++++ Source material

(* Let $p$ be prime, $d>1$ an integer, $N\ge1$, and let $P_d^N$ be the degree-$d$ powering map ($(x_1,\dots,x_N)\mapsto(x_1^d,\dots,x_N^d)$ on $\mathbb{A}^N$, $[x_0:\cdots:x_N]\mapsto[x_0^d:\cdots:x_N^d]$ on $\mathbb{P}^N$). Let $m^-$ be the largest divisor of $p-1$ relatively prime to $d$. For a positive integer $k$ let $\delta_k=1$ if $k=1$ and $\delta_k=0$ otherwise, and for a divisor $e$ of $m^-$ let $o(e)$ denote the multiplicative order of $d$ modulo $e$ (with $o(1)=1$). Then for every positive integer $k$, $$\#\mathrm{Per}_k(P_d^N,\mathbb{A}^N(\mathbb{F}_p))=\delta_k+\sum_{I=1}^N\ \sum_{\substack{(k_1,\dots,k_I),\ k_i\mid m^-\\ \mathrm{lcm}(o(k_1),\dots,o(k_I))=k}}\binom{N}{I}\prod_{i=1}^I\varphi(k_i),$$ $$\#\mathrm{Per}_k(P_d^N,\mathbb{P}^N(\mathbb{F}_p))=\sum_{D=0}^N\Bigg(\delta_k+\sum_{I=1}^D\ \sum_{\substack{(k_1,\dots,k_I),\ k_i\mid m^-\\ \mathrm{lcm}(o(k_1),\dots,o(k_I))=k}}\binom{D}{I}\prod_{i=1}^I\varphi(k_i)\Bigg),$$ where $\varphi$ is Euler's totient function. Furthermore, $$\#\mathrm{Per}(P_d^N,\mathbb{A}^N(\mathbb{F}_p))=1+\sum_{I=1}^N\binom{N}{I}\sum_{\substack{(k_1,\dots,k_I)\\ k_i\mid m^-}}\prod_{i=1}^I\varphi(k_i)=(m^-+1)^N,$$ $$\#\mathrm{Per}(P_d^N,\mathbb{P}^N(\mathbb{F}_p))=\sum_{D=0}^N\Bigg(1+\sum_{I=1}^D\binom{D}{I}\sum_{\substack{(k_1,\dots,k_I)\\ k_i\mid m^-}}\prod_{i=1}^I\varphi(k_i)\Bigg)=\sum_{D=0}^N(m^-+1)^D.$$
   Context: For a self-map $F$ of a finite set $S$, the minimal period of a periodic point $x$ is the least $n\ge1$ with $F^n(x)=x$; $\mathrm{Per}_k(F,S)$ is the set of points of $S$ of minimal period exactly $k$, and $\mathrm{Per}(F,S)=\bigcup_{k\ge1}\mathrm{Per}_k(F,S)$. Inner sums range over ordered $I$-tuples of positive divisors of $m^-$. *)

theory Defs
  imports "HOL-Number_Theory.Number_Theory"
begin

definition Per_k :: "('a \<Rightarrow> 'a) \<Rightarrow> 'a set \<Rightarrow> nat \<Rightarrow> 'a set" where
  "Per_k F S k = {x \<in> S. k \<ge> 1 \<and> (F ^^ k) x = x \<and> (\<forall>j. 1 \<le> j \<and> j < k \<longrightarrow> (F ^^ j) x \<noteq> x)}"

definition Per :: "('a \<Rightarrow> 'a) \<Rightarrow> 'a set \<Rightarrow> 'a set" where
  "Per F S = (\<Union>k\<in>{1..}. Per_k F S k)"

(* F_p is represented by residues {0..<p}; affine space A^n(F_p) by lists of length n *)
definition affine_space :: "nat \<Rightarrow> nat \<Rightarrow> nat list set" where
  "affine_space p n = {xs. length xs = n \<and> (\<forall>a\<in>set xs. a < p)}"

definition pow_map :: "nat \<Rightarrow> nat \<Rightarrow> nat list \<Rightarrow> nat list" where
  "pow_map p d xs = map (\<lambda>a. a ^ d mod p) xs"

definition proj_class :: "nat \<Rightarrow> nat list \<Rightarrow> nat list set" where
  "proj_class p xs = {map (\<lambda>a. c * a mod p) xs | c. c \<in> {1..<p}}"

definition proj_space :: "nat \<Rightarrow> nat \<Rightarrow> nat list set set" where
  "proj_space p n = {proj_class p xs | xs. xs \<in> affine_space p (Suc n) \<and> (\<exists>a\<in>set xs. a \<noteq> 0)}"

definition proj_pow_map :: "nat \<Rightarrow> nat \<Rightarrow> nat list set \<Rightarrow> nat list set" where
  "proj_pow_map p d C = proj_class p (pow_map p d (SOME xs. xs \<in> C))"

definition m_minus :: "nat \<Rightarrow> nat \<Rightarrow> nat" where
  "m_minus p d = (GREATEST m. m dvd (p - 1) \<and> coprime m d)"

definition div_tuples :: "nat \<Rightarrow> nat \<Rightarrow> nat list set" where
  "div_tuples m I = {ks. length ks = I \<and> (\<forall>k\<in>set ks. k dvd m)}"

end

theory Submission
  imports Defs
begin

++++++++

## [Task statement]
Only the lines containing the word "forall" should be returned from the data above.

## [Exercise response]
  "Per_k F S k = {x \<in> S. k \<ge> 1 \<and> (F ^^ k) x = x \<and> (\<forall>j. 1 \<le> j \<and> j < k \<longrightarrow> (F ^^ j) x \<noteq> x)}"
  "affine_space p n = {xs. length xs = n \<and> (\<forall>a\<in>set xs. a < p)}"
  "div_tuples m I = {ks. length ks = I \<and> (\<forall>k\<in>set ks. k dvd m)}"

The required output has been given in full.